Application Load balancer - yes or no?
A load balancer is the entry gate to the server. Think of it as a company reception desk. Without it, the company, meaning the server, still works. But when a visitor, meaning a request, arrives, you have no way to pass on information about what company it is, direct the visitor in a specific direction, or decide where to place security in the form of Cloud Armor.
Technically, it is a reverse proxy. It sits in front of the server and receives all incoming traffic. The browser connects to the load balancer, which processes the request and forwards it to the correct server. It is “reverse” because, unlike a traditional proxy that protects the user, this layer protects and controls access to the server.
Setting up a load balancer is technically more complex and costs a few hundred crowns per month extra, but without it you lose many of the benefits that server-side tracking offers.
One of those benefits is that data from the frontend will flow to your own domain, which should ideally be mapped to the load balancer, instead of to the domain automatically generated when creating the production server, something like *.run.app. If you use the generated domain, you lose first-party context, the data becomes an easy target for ad blockers, and browsers such as Safari will shorten cookie lifetime to a maximum of 7 days.
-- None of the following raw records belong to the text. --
(* Let $\theta$ be a discrete valuation on Johnstone's dcpo $\mathcal J$ (with the Scott topology) with total mass $\theta(\mathcal J)=1-r$, where $r>0$. Then $\theta+r\mu$ is not a minimal valuation, where $\mu(U)=1$ for non-empty Scott-open $U$ and $\mu(\emptyset)=0$.
   Context: Johnstone's dcpo: $\mathcal J=\mathbb N\times(\mathbb N\cup\{\infty\})$ ordered by $(a,b)\le(c,d)$ iff either ($a=c$ and $b\le d$) or ($d=\infty$ and $b\le c$). A valuation on a space $X$ is a strict, monotone, modular map $\mathcal OX\to[0,\infty]$; it is continuous if it preserves directed suprema of opens. Continuous valuations are ordered pointwise, forming a dcpo $\mathcal VX$ with pointwise directed suprema. A simple valuation is a finite sum $\sum_{i=1}^n r_i\delta_{x_i}$ ($r_i\in[0,\infty)$, $\delta_x$ the Dirac valuation); a discrete valuation is a countable sum $\sum_{i=1}^\infty r_i\delta_{x_i}$ (supremum of its partial sums). The minimal valuations are the elements of the smallest subset of $\mathcal VX$ containing the simple valuations and closed under directed suprema. *)

theory Defs
  imports "HOL-Library.Extended_Nat" "HOL-Library.Extended_Nonnegative_Real"
begin

type_synonym jpt = "nat \<times> enat"

definition jle :: "jpt \<Rightarrow> jpt \<Rightarrow> bool" where
  "jle p q \<longleftrightarrow> (fst p = fst q \<and> snd p \<le> snd q) \<or> (snd q = \<infinity> \<and> snd p \<le> enat (fst q))"

definition j_directed :: "jpt set \<Rightarrow> bool" where
  "j_directed D \<longleftrightarrow> D \<noteq> {} \<and> (\<forall>x\<in>D. \<forall>y\<in>D. \<exists>z\<in>D. jle x z \<and> jle y z)"

definition j_is_lub :: "jpt set \<Rightarrow> jpt \<Rightarrow> bool" where
  "j_is_lub D s \<longleftrightarrow> (\<forall>x\<in>D. jle x s) \<and> (\<forall>u. (\<forall>x\<in>D. jle x u) \<longrightarrow> jle s u)"

definition scott_open :: "jpt set \<Rightarrow> bool" where
  "scott_open U \<longleftrightarrow> (\<forall>x y. x \<in> U \<longrightarrow> jle x y \<longrightarrow> y \<in> U) \<and>
     (\<forall>D s. j_directed D \<longrightarrow> j_is_lub D s \<longrightarrow> s \<in> U \<longrightarrow> D \<inter> U \<noteq> {})"

text \<open>Valuations are represented as functions on all subsets; only their values on
  Scott-open sets are meaningful.\<close>
definition dirac :: "jpt \<Rightarrow> jpt set \<Rightarrow> ennreal" where
  "dirac x U = (if x \<in> U then 1 else 0)"

definition simple_valuation :: "(jpt set \<Rightarrow> ennreal) \<Rightarrow> bool" where
  "simple_valuation \<nu> \<longleftrightarrow> (\<exists>(n::nat) (x::nat \<Rightarrow> jpt) (r::nat \<Rightarrow> real). (\<forall>i. r i \<ge> 0) \<and>
     (\<forall>U. scott_open U \<longrightarrow> \<nu> U = (\<Sum>i<n. ennreal (r i) * dirac (x i) U)))"

definition discrete_valuation :: "(jpt set \<Rightarrow> ennreal) \<Rightarrow> bool" where
  "discrete_valuation \<nu> \<longleftrightarrow> (\<exists>(x::nat \<Rightarrow> jpt) (r::nat \<Rightarrow> real). (\<forall>i. r i \<ge> 0) \<and>
     (\<forall>U. scott_open U \<longrightarrow> \<nu> U = (\<Sum>i. ennreal (r i) * dirac (x i) U)))"

definition val_le :: "(jpt set \<Rightarrow> ennreal) \<Rightarrow> (jpt set \<Rightarrow> ennreal) \<Rightarrow> bool" where
  "val_le \<nu> \<nu>' \<longleftrightarrow> (\<forall>U. scott_open U \<longrightarrow> \<nu> U \<le> \<nu>' U)"

definition val_directed :: "(jpt set \<Rightarrow> ennreal) set \<Rightarrow> bool" where
  "val_directed F \<longleftrightarrow> F \<noteq> {} \<and> (\<forall>a\<in>F. \<forall>b\<in>F. \<exists>c\<in>F. val_le a c \<and> val_le b c)"

inductive minimal_valuation :: "(jpt set \<Rightarrow> ennreal) \<Rightarrow> bool" where
  simple: "simple_valuation \<nu> \<Longrightarrow> minimal_valuation \<nu>"
| dsup: "val_directed F \<Longrightarrow> (\<forall>\<nu>'\<in>F. minimal_valuation \<nu>') \<Longrightarrow>
     (\<forall>U. scott_open U \<longrightarrow> \<nu> U = (SUP \<nu>'\<in>F. \<nu>' U)) \<Longrightarrow> minimal_valuation \<nu>"

definition mu :: "jpt set \<Rightarrow> ennreal" where
  "mu U = (if U = {} then 0 else 1)"

end

theory Submission
  imports Defs
begin

text \<open>Call a valuation tame if it is monotone and modular on Scott-open sets and, when its mass
  is finite, (i) up to any \<open>e > 0\<close> its mass sits in finitely many columns together with
  arbitrarily high points, and (ii) the quadrants \<open>[K,\<infinity>) \<times> [K,\<infinity>]\<close> have mass tending
  to 0. Simple valuations are tame, and tameness survives directed suprema: (i) passes to the
  supremum by approximating its mass from below, and for (ii) modularity against the sets of (i)
  bounds the quadrant mass of each approximant by the mass it puts on the tops \<open>(c, \<infinity>)\<close> of
  the columns \<open>c \<ge> K\<close>, and these masses are summable uniformly along the directed family.
  So every minimal valuation is tame; but \<open>\<mu>\<close> gives mass 1 to every quadrant.\<close>

lemma j_directedE:
  assumes "j_directed D" "x \<in> D" "y \<in> D"
  obtains z where "z \<in> D" "jle x z" "jle y z"
  using assms unfolding j_directed_def by blast

lemma j_lub_finite_mem:
  assumes dir: "j_directed D" and lub: "j_is_lub D (c, enat m)"
  shows "(c, enat m) \<in> D"
proof (rule ccontr)
  assume notin: "(c, enat m) \<notin> D"
  have below: "fst x = c \<and> snd x < enat m" if "x \<in> D" for x
  proof -
    have "jle x (c, enat m)" using lub that unfolding j_is_lub_def by blast
    then have "x = (c, snd x)" "snd x \<le> enat m" unfolding jle_def by (auto simp: prod_eq_iff)
    with notin that show ?thesis by (metis fst_conv order_less_le)
  qed
  obtain x0 where "x0 \<in> D" using dir unfolding j_directed_def by blast
  then have "m \<ge> 1" using below[of x0] by (cases m) (auto simp: enat_0)
  have "jle x (c, enat (m - 1))" if "x \<in> D" for x
    using below[OF that] by (cases "snd x") (auto simp: jle_def)
  then have "jle (c, enat m) (c, enat (m - 1))" using lub unfolding j_is_lub_def by blast
  then show False using \<open>m \<ge> 1\<close> by (simp add: jle_def)
qed

lemma j_lub_infinite_column:
  assumes dir: "j_directed D" and lub: "j_is_lub D (c, \<infinity>)"
  shows "\<exists>x\<in>D. fst x = c \<and> enat n \<le> snd x"
proof (rule ccontr)
  define h where "h = max n (Suc c)"
  assume none: "\<not> ?thesis"
  have low: "snd x < enat h" if "x \<in> D" for x
  proof -
    have "jle x (c, \<infinity>)" using lub that unfolding j_is_lub_def by blast
    then consider "fst x = c" | "snd x \<le> enat c" unfolding jle_def by auto
    then show ?thesis
    proof cases
      case 1
      then have "snd x < enat n" using none that by (auto simp: not_le)
      then show ?thesis by (rule less_le_trans) (simp add: h_def)
    next
      case 2
      then show ?thesis by (rule le_less_trans) (simp add: h_def)
    qed
  qed
  obtain x0 where x0: "x0 \<in> D" using dir unfolding j_directed_def by auto
  have "fst x = fst x0" if x: "x \<in> D" for x
  proof -
    obtain z where "z \<in> D" "jle x z" "jle x0 z" using dir x x0 by (rule j_directedE)
    then show ?thesis using low[of z] unfolding jle_def by auto
  qed
  then have "jle x (fst x0, enat h)" if "x \<in> D" for x
    using low[OF that] that unfolding jle_def by auto
  then have "jle (c, \<infinity>) (fst x0, enat h)" using lub unfolding j_is_lub_def by blast
  then show False by (simp add: jle_def)
qed

text \<open>The only non-compact points of the dcpo are the tops \<open>(c, \<infinity>)\<close>, approached by their
  own column.\<close>

lemma scott_openI:
  assumes up: "\<And>x y. x \<in> U \<Longrightarrow> jle x y \<Longrightarrow> y \<in> U"
    and top: "\<And>c. (c, \<infinity>) \<in> U \<Longrightarrow> \<exists>n. (c, enat n) \<in> U"
  shows "scott_open U"
  unfolding scott_open_def
proof (intro conjI allI impI)
  fix x y assume "x \<in> U" "jle x y"
  then show "y \<in> U" by (rule up)
next
  fix D s assume dir: "j_directed D" and lub: "j_is_lub D s" and "s \<in> U"
  obtain c e where s: "s = (c, e)" by fastforce
  show "D \<inter> U \<noteq> {}"
  proof (cases e)
    case (enat m)
    then show ?thesis using j_lub_finite_mem dir lub \<open>s \<in> U\<close> s by blast
  next
    case infinity
    obtain n where "(c, enat n) \<in> U" using top \<open>s \<in> U\<close> s infinity by blast
    moreover obtain x where "x \<in> D" "fst x = c" "enat n \<le> snd x"
      using j_lub_infinite_column dir lub s infinity by blast
    ultimately show ?thesis using up[of "(c, enat n)" x] by (auto simp: jle_def)
  qed
qed

lemma scott_open_UNIV: "scott_open UNIV"
  unfolding scott_open_def j_directed_def by auto

lemma scott_open_Un: "scott_open U \<Longrightarrow> scott_open V \<Longrightarrow> scott_open (U \<union> V)"
  unfolding scott_open_def by blast

lemma scott_open_Int:
  assumes U: "scott_open U" and V: "scott_open V"
  shows "scott_open (U \<inter> V)"
  unfolding scott_open_def
proof (intro conjI allI impI)
  fix x y assume "x \<in> U \<inter> V" "jle x y"
  then show "y \<in> U \<inter> V" using U V unfolding scott_open_def by blast
next
  fix D s assume dir: "j_directed D" and "j_is_lub D s" "s \<in> U \<inter> V"
  then obtain x y where "x \<in> D" "x \<in> U" "y \<in> D" "y \<in> V" using U V unfolding scott_open_def by blast
  then obtain z where "z \<in> D" "jle x z" "jle y z" using dir by (blast elim: j_directedE)
  then have "z \<in> U \<inter> V" using \<open>x \<in> U\<close> \<open>y \<in> V\<close> U V unfolding scott_open_def by blast
  then show "D \<inter> (U \<inter> V) \<noteq> {}" using \<open>z \<in> D\<close> by blast
qed

definition top_region :: "nat set \<Rightarrow> nat \<Rightarrow> jpt set" where
  "top_region F L = {p. (fst p \<in> F \<or> L \<le> fst p) \<and> enat L \<le> snd p}"

definition quadrant :: "nat \<Rightarrow> nat \<Rightarrow> jpt set" where
  "quadrant K L = {p. K \<le> fst p \<and> enat L \<le> snd p}"

definition left_or_high :: "nat \<Rightarrow> nat \<Rightarrow> jpt set" where
  "left_or_high N L = {p. fst p < N \<or> enat L \<le> snd p}"

lemma enat_le_trans: "enat a \<le> b \<Longrightarrow> b \<le> enat c \<Longrightarrow> a \<le> c"
  using order_trans by fastforce

lemma enat_le_lower: "a \<le> b \<Longrightarrow> enat b \<le> x \<Longrightarrow> enat a \<le> x"
  by (metis enat_ord_simps(1) order_trans)

lemma top_region_empty [simp]: "top_region {} L = quadrant L L"
  unfolding top_region_def quadrant_def by simp

lemma scott_open_top_region: "scott_open (top_region F L)"
  by (rule scott_openI) (auto simp: top_region_def jle_def dest: enat_le_trans)

lemma scott_open_quadrant: "K \<le> L \<Longrightarrow> scott_open (quadrant K L)"
  by (rule scott_openI) (auto simp: quadrant_def jle_def dest: enat_le_trans)

lemma scott_open_left_or_high: "scott_open (left_or_high N L)"
  by (rule scott_openI) (auto simp: left_or_high_def jle_def)

lemma top_region_antimono: "L \<le> L' \<Longrightarrow> top_region F L' \<subseteq> top_region F L"
  unfolding top_region_def by (auto intro: enat_le_lower)

lemma quadrant_antimono: "K \<le> K' \<Longrightarrow> L \<le> L' \<Longrightarrow> quadrant K' L' \<subseteq> quadrant K L"
  unfolding quadrant_def by (auto intro: enat_le_lower)

lemma top_region_Un: "top_region {c} L \<union> top_region F L = top_region (insert c F) L"
  unfolding top_region_def by auto

lemma top_region_Int: "c \<notin> F \<Longrightarrow> top_region {c} L \<inter> top_region F L = quadrant L L"
  unfolding top_region_def quadrant_def by auto

lemma quadrant_Int_left_or_high:
  "N \<le> K \<Longrightarrow> K \<le> L \<Longrightarrow> quadrant K K \<inter> left_or_high N L = quadrant K L"
  unfolding quadrant_def left_or_high_def by (auto intro: enat_le_lower)

lemma quadrant_subset_top_region:
  "K' \<le> L \<Longrightarrow> quadrant K L \<subseteq> top_region {K..<K'} L \<union> quadrant K' K'"
  unfolding top_region_def quadrant_def by (auto intro: enat_le_lower)

definition open_monotone :: "(jpt set \<Rightarrow> ennreal) \<Rightarrow> bool" where
  "open_monotone \<nu> \<longleftrightarrow> (\<forall>U V. scott_open U \<longrightarrow> scott_open V \<longrightarrow> U \<subseteq> V \<longrightarrow> \<nu> U \<le> \<nu> V)"

definition open_modular :: "(jpt set \<Rightarrow> ennreal) \<Rightarrow> bool" where
  "open_modular \<nu> \<longleftrightarrow>
     (\<forall>U V. scott_open U \<longrightarrow> scott_open V \<longrightarrow> \<nu> U + \<nu> V = \<nu> (U \<union> V) + \<nu> (U \<inter> V))"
So yes, you can live without it. But in our view, it is definitely better to have it.
Step 3: Create a load balancer and map your own domain to it
The process in brief:
- Reserve a static IPv4 address in GCP IP addresses, under VPC Network.
- Issue an SSL certificate through Certificate Manager.
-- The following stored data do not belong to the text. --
lemma net_p_steep_near_index:
  fixes a :: "nat \<Rightarrow> real^'d"
  assumes "strict_mono_on {1..k s + 1} (b s)" "1 \<le> i" "i \<le> k s"
    and "b s i + \<delta> < a s \<bullet> x" "a s \<bullet> x < b s (i + 1) - \<delta>" "0 \<le> t"
  shows "\<bar>net_p k (\<lambda>s. t *\<^sub>R a s) (\<lambda>s l. t * b s l) (\<lambda>_ _. 1) s x - real i\<bar>
           \<le> real (k s) * sigmoid (- (t * \<delta>))"
proof -
  have "net_p k (\<lambda>s. t *\<^sub>R a s) (\<lambda>s l. t * b s l) (\<lambda>_ _. 1) s x
          = (\<Sum>l=1..k s. sigmoid (t * (a s \<bullet> x - b s l)))"
    unfolding net_p_def by (simp add: right_diff_distrib)
  then show ?thesis using sum_steep_sigmoids_count[OF assms] by simp
qed

lemma weighted_net_p_near_cell_index:
  fixes a :: "nat \<Rightarrow> real^'d"
  assumes b: "\<forall>s\<in>{1..n}. strict_mono_on {1..k s + 1} (b s)"
    and i: "i \<in> multi_indices n k" and x: "x \<in> sep_cell X n a b \<delta> i" and t: "0 \<le> t"
  shows "\<bar>(\<Sum>s=1..n. real (prod k {1..<s}) * net_p k (\<lambda>s. t *\<^sub>R a s) (\<lambda>s l. t * b s l) (\<lambda>_ _. 1) s x)
            - (real (cell_index n k i) + (\<Sum>s=1..n. real (prod k {1..<s})))\<bar>
         \<le> (\<Sum>s=1..n. real (prod k {1..<s}) * real (k s)) * sigmoid (- (t * \<delta>))"
proof -
  let ?P = "\<lambda>s. real (prod k {1..<s})"
  let ?p = "\<lambda>s. net_p k (\<lambda>s. t *\<^sub>R a s) (\<lambda>s l. t * b s l) (\<lambda>_ _. 1) s x"
  let ?e = "sigmoid (- (t * \<delta>))"
  have near: "\<bar>?P s * (?p s - real (i s))\<bar> \<le> ?P s * (real (k s) * ?e)" if s: "s \<in> {1..n}" for s
  proof -
    have "b s (i s) + \<delta> < a s \<bullet> x" "a s \<bullet> x < b s (i s + 1) - \<delta>"
      using x s unfolding sep_cell_def by auto
    with b s multi_indicesD[OF i s] t have "\<bar>?p s - real (i s)\<bar> \<le> real (k s) * ?e"
      by (intro net_p_steep_near_index) auto
    then show ?thesis by (metis abs_mult abs_of_nat mult_left_mono of_nat_0_le_iff)
  qed
  have "(\<Sum>s=1..n. ?P s * ?p s) - (real (cell_index n k i) + (\<Sum>s=1..n. ?P s))
      = (\<Sum>s=1..n. ?P s * (?p s - real (i s)))"
    unfolding cell_index_eq_weighted_sum[OF i] by (simp only: sum_subtractf[symmetric] right_diff_distrib)
  also have "\<bar>\<dots>\<bar> \<le> (\<Sum>s=1..n. \<bar>?P s * (?p s - real (i s))\<bar>)"
    by (rule sum_abs)
  also have "\<dots> \<le> (\<Sum>s=1..n. ?P s * (real (k s) * ?e))"
    using near by (rule sum_mono)
  also have "\<dots> = (\<Sum>s=1..n. ?P s * real (k s)) * ?e"
    by (simp only: sum_distrib_right mult.assoc)
  finally show ?thesis .
qed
- Create a Load Balancer in Network services.
- Configure the frontend and backend.
- Add a routing rule for your own subdomain.
- Send the DNS records to the client’s developers: “The A records for the new subdomain need to be updated. Use the IP address above.”
As mentioned earlier, detailed instructions can be found from Simo Ahava, especially his course in Simmer, or from Analytics Mania.

Server subdomain:
Ideally, create a subdomain that does not stand out. So not “tracking.yourdomain.com”, but something like “hub” or a random string. If you have, for example, a client zone that sits on a different domain, you need to create subdomains for both of your own domains. The main goal is to preserve first-party context, meaning data from the website should be sent to the same domain. You can then map both subdomains to one server and connect them through a single server-side GTM container. This saves costs for both operation and setup.
When should you set up Cloud Run?
If you want to launch server-side tracking now, confirm the server subdomain and go through the full process above.
Sometimes, however, you may also be adjusting your tracking setup, working with development on dataLayer pushes, or waiting for other actions, and the live launch of server-side tracking may only happen in a month.
There is a fee of roughly CZK 400 per month for reserving a static IP address and creating the load balancer, regardless of whether your tracking is already running or not. Be careful not to start paying Cloud Run costs too early.
Step 4: Test that everything works correctly
Test 1 - Verify that the domain works and the SSL certificate is active
Enter the following in your browser: https://hub.yourdomain.com/healthy
If it returns ok, the server is running, SSL works, and the load balancer is routing correctly.
If it returns an error or an SSL warning, the certificate is probably still being provisioned. This can take up to 24 hours after DNS configuration.
Test 2 - Verify that the preview server works
Open: https://hub.yourdomain.com/gtm/preview
It should return some kind of response, not a 404.